Sıcak su ağızlarındaki doğal yaşamın en dikkat çekici canlılarından biri, ne besin alacak bir ağzı ne de aldığı besinleri sindirecek bir sindirim sistemi olmayan dev tüp solucanlarıdır. Araştırmalar sonucunda dev tüp solucanlarının, trofozom adı verilen organında kemosentez yapan bakteriler olduğu ortaya çıkmıştır. Bu doğrultuda bilim adamları sıcak su ağızlarındaki yaşamın önemli bir sırrını aydınlatmışlardır. Dev tüp solucanı kendi hücreleri içinde yaşayan bakterilere kimyasal madde sağlarken, bakteriler de solucana besin sağlıyordu. Bu bilimsel gerçeğin bulunmasının ardından midye ve tarak gibi ağız çevresinde yaşayan diğer pek çok canlının da kemosentez yapan bakterilerle benzer bir ortak yaşam ilişkisi içinde olduğu keşfedilmiştir.

Derin Karanlıklardaki Zorlu Koşullar

Yeni bir sıcak su ağzı oluştuğu andan itibaren o bölgedeki doğal yaşamda birçok zorlu koşul oluşur. Okyanusun en alt tabakasında yeni bir ağız meydana geldiğinde, buraya ilk yerleşen canlılar kemosentez yapan bakterilerdir. Oldukça fazla sayıda ve hızla çoğalan bu bakteriler, ağız çevresinde kalın bir tabaka oluştururlar. Bu oluşumun ardından diğer canlılar da zamanla ağız çevresine yerleşmeye başlarlar. Besin kaynaklarından bu denli uzak ve soğuk olan bu bölgelere daha sonra sırasıyla karides benzeri amfipod ve kopepodlar, karides ve salyangozlar, tüp solucanları, ıstakozlar, ahtapotlar, midye ve taraklar yerleşir.

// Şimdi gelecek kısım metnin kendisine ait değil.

(* Let $n>k\ge1$ and $0\le r\le k$. The number of pairs $(A,B)\in M_k(\mathbb{F}_q)\times M_{k,n-k}(\mathbb{F}_q)$ with $\operatorname{rank}\mathcal{C}(A,B)=r$ (i.e. with $r$-dimensional reachability subspace) is $${k\brack r}_q\, q^{(k-r)^2}\prod_{i=k-r+1}^{k}(q^n-q^i).$$ In particular, the number of reachable pairs (those with $\operatorname{rank}\mathcal{C}(A,B)=k$) is $\prod_{i=1}^{k}(q^n-q^i)$.
   Context: $\mathbb{F}_q$ is the finite field with $q$ elements. For $(A,B)\in M_k(\mathbb{F}_q)\times M_{k,n-k}(\mathbb{F}_q)$, the reachability matrix is $\mathcal{C}(A,B)=[\,B\ \ AB\ \ \cdots\ \ A^{k-1}B\,]$. ${k\brack r}_q=\prod_{i=0}^{r-1}\frac{q^{k-i}-1}{q^{i+1}-1}$ denotes the $q$-binomial coefficient (the number of $r$-dimensional subspaces of $\mathbb{F}_q^k$). Empty products equal $1$. *)

theory Defs
  imports "Jordan_Normal_Form.DL_Rank"
begin

definition reach_mat :: "'a::field mat \<Rightarrow> 'a mat \<Rightarrow> 'a mat" where
  "reach_mat A B = mat_of_cols (dim_row A)
     (concat (map (\<lambda>j. cols (A ^\<^sub>m j * B)) [0..<dim_row A]))"

definition qbinom :: "nat \<Rightarrow> nat \<Rightarrow> nat \<Rightarrow> rat" where
  "qbinom q k r = (\<Prod>i<r. (of_nat q ^ (k - i) - 1) / (of_nat q ^ (i + 1) - 1))"

end

theory Submission
  imports Defs "HOL-Library.Cardinality"
begin

text \<open>
  The reachable subspace $R(A, B)$, the smallest $A$-invariant subspace containing the columns
  of $B$, is the column space of $\mathcal{C}(A, B)$, so its dimension is the rank.  A change of
  basis by $Q \in \mathrm{GL}_k$ moves $R(A, B)$ to $Q\,R(A, B)$, hence the number of pairs
  with $R(A, B) = V$ depends only on $r = \dim V$; for $V = \mathbb{F}^r \times 0$ the pairs are
  block triangular with a reachable $r \times r$ corner, giving $q^{k(k-r)} \rho_r$ pairs,
  where $\rho_r$ counts the reachable pairs of size $r$.  Double counting the triples $(A, B, Q)$
  where the first $r$ columns of $Q$ span $R(A, B)$ yields
  $N_r = {k \brack r}_q\, q^{k(k-r)} \rho_r$.  Since $\sum_r N_r = q^{k(k+m)}$ with
  $m = n - k$, the $\rho_r$ are determined recursively, and the $q$-binomial expansion
  $x^k = \sum_j {k \brack j}_q\, q^{(k-j)^2} \prod_{t<j} (x - q^{k-t})$ at $x = q^{k+m}$
  shows $\rho_r = \prod_{t<r} (q^{r+m} - q^{r-t})$.
\<close>

section \<open>Vectors and matrices over a finite field\<close>

lemma card_carrier_vec: "card (carrier_vec n :: 'a::finite vec set) = CARD('a) ^ n"
proof -
  have "bij_betw (\<lambda>v. restrict (($) v) {..<n}) (carrier_vec n :: 'a vec set) ({..<n} \<rightarrow>\<^sub>E UNIV)"
  proof (rule bij_betwI[where g = "vec n"])
    show "vec n (restrict (($) x) {..<n}) = x" if "x \<in> carrier_vec n" for x :: "'a vec"
      using that by (intro eq_vecI) auto
    show "restrict (($) (vec n y :: 'a vec)) {..<n} = y" if "y \<in> {..<n} \<rightarrow>\<^sub>E UNIV" for y
      using that by (auto simp: PiE_def extensional_def fun_eq_iff)
  qed auto
  then show ?thesis by (simp add: bij_betw_same_card card_PiE)
qed

lemma finite_carrier_vec [simp]: "finite (carrier_vec n :: 'a::finite vec set)"
  by (rule card_ge_0_finite) (simp add: card_carrier_vec)

lemma card_carrier_mat: "card (carrier_mat a b :: 'a::finite mat set) = CARD('a) ^ (a * b)"
proof -
  let ?S = "{..<a} \<times> {..<b}"
  have "bij_betw (\<lambda>M. restrict (($$) M) ?S) (carrier_mat a b :: 'a mat set) (?S \<rightarrow>\<^sub>E UNIV)"
  proof (rule bij_betwI[where g = "mat a b"])
    show "mat a b (restrict (($$) x) ?S) = x" if "x \<in> carrier_mat a b" for x :: "'a mat"
      using that by (intro eq_matI) auto
    show "restrict (($$) (mat a b y :: 'a mat)) ?S = y" if "y \<in> ?S \<rightarrow>\<^sub>E UNIV" for y
      using that by (auto simp: PiE_def extensional_def fun_eq_iff)
  qed auto
  then show ?thesis by (simp add: bij_betw_same_card card_PiE card_cartesian_product)
qed

lemma finite_carrier_mat [simp]: "finite (carrier_mat a b :: 'a::finite mat set)"
  by (rule card_ge_0_finite) (simp add: card_carrier_mat)

lemma CARD_field_ge_2: "CARD('a::{finite,field}) \<ge> 2"
proof -
  have "card {0, 1::'a} \<le> CARD('a)" by (intro card_mono) auto
  then show ?thesis by simp
qed

lemma mult_mat_vec_index_sum:
  assumes "M \<in> carrier_mat k n" "x \<in> carrier_vec n" "i < k"
  shows "(M *\<^sub>v x) $ i = (\<Sum>j<n. M $$ (i, j) * x $ j)"
  using assms by (auto simp: scalar_prod_def lessThan_atLeast0 intro!: sum.cong)

lemma mult_mat_unit_vec:
  fixes M :: "'a::field mat"
  assumes "M \<in> carrier_mat k n" "i < n"
  shows "M *\<^sub>v unit_vec n i = col M i"
  using assms by (intro eq_vecI)
    (auto simp: scalar_prod_def unit_vec_def sum.delta' if_distrib cong: if_cong)

lemma mult_mat_zero_vec: "M \<in> carrier_mat k n \<Longrightarrow> M *\<^sub>v 0\<^sub>v n = (0\<^sub>v k :: 'a::field vec)"
  by (intro eq_vecI) (auto simp: scalar_prod_def)

section \<open>Subspaces of $\mathbb{F}^k$\<close>

text \<open>Subspaces are handled elementarily as closed subsets of \<open>carrier_vec k\<close>;
  \<open>mat_range_eq_col_space\<close> links them to the rank of \<open>vec_space\<close>.\<close>

definition is_subspace :: "nat \<Rightarrow> 'a::field vec set \<Rightarrow> bool" where
  "is_subspace k V \<longleftrightarrow> V \<subseteq> carrier_vec k \<and> 0\<^sub>v k \<in> V \<and> (\<forall>x\<in>V. \<forall>y\<in>V. x + y \<in> V)
     \<and> (\<forall>c. \<forall>x\<in>V. c \<cdot>\<^sub>v x \<in> V)"

definition span_vec :: "nat \<Rightarrow> 'a::field vec set \<Rightarrow> 'a vec set" where
  "span_vec k S = \<Inter>{V. is_subspace k V \<and> S \<subseteq> V}"

definition mat_range :: "'a::field mat \<Rightarrow> 'a vec set" where
  "mat_range M = (\<lambda>x. M *\<^sub>v x) ` carrier_vec (dim_col M)"

lemma is_subspace_carrier: "is_subspace k (carrier_vec k)"
  by (auto simp: is_subspace_def)

lemma is_subspace_zero: "is_subspace k {0\<^sub>v k}"
  by (auto simp: is_subspace_def)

Ancak her zaman için bu bölgelerde yaşam koşullarını olumsuz etkileyecek şartlar oluşabilir. Örneğin buradaki canlılar, sıcak su ağzında etkinliğin çok artmasıyla haşlanabilirler. Ya da ağıza su sağlayan kaynağın yön değiştirmesi ya da tıkanmasıyla ağızdaki canlı yaşamı sona erebilir. Bu durumda mevcut besin kaynakları yok olacağı ve suyun ısısı aniden düşeceği için sıcak su ağzının çevresinde yaşayan tüm canlılar büyük zorluklarla ve hayati tehlikelerle karşı karşıya kalırlar. Bu noktada yapılabilecek tek şey yeni bir sıcak su ağzı bulmaktır. Ağız çevresinde yaşayan canlılar ya bir yere tutunarak yaşadıkları ya da çok yavaş hareket ettikleri için yeni bir ağız bulmaları oldukça zordur. Ancak bu duruma rağmen hareket edemeyen canlılar, yüzebilen larvalarının yeni bir ağız bulmaları sayesinde mucizevi bir şekilde soylarını devam ettirirler.

Derin Denizlerde Yaşayan Canlıların %95’i Hala Tanımlanamamıştır

Bilim dünyasında büyük yankı uyandıran sıcak su ağızlarının keşfi, önemli bir gerçeği gözler önüne sermektedir. Bu ağızlarda yaşayan canlıların bir bölümü incelenmiş ve tanımlanmış olsa da % 95’i henüz tanımlanamamıştır. Sıcak su ağızlarındaki bu yaşam ve canlı çeşitliliği, Yüce Rabbimiz’in evrenin her noktasındaki hakimiyetini, ilmini ve rahmetini sergilemektedir. Evrendeki herşeyi yaratan, evrenin her köşesinde sonsuz aklını tecelli ettiren Yüce Allah’tır. Allah’ın ilmiyle her yeri kuşattığı Kuran’da şu şekilde bildirilmektedir:

“Sizin İlahınız yalnızca Allah’tır ki, O’nun dışında İlah yoktur. O, ilim bakımından herşeyi kuşatmıştır.”(Taha Suresi, 98)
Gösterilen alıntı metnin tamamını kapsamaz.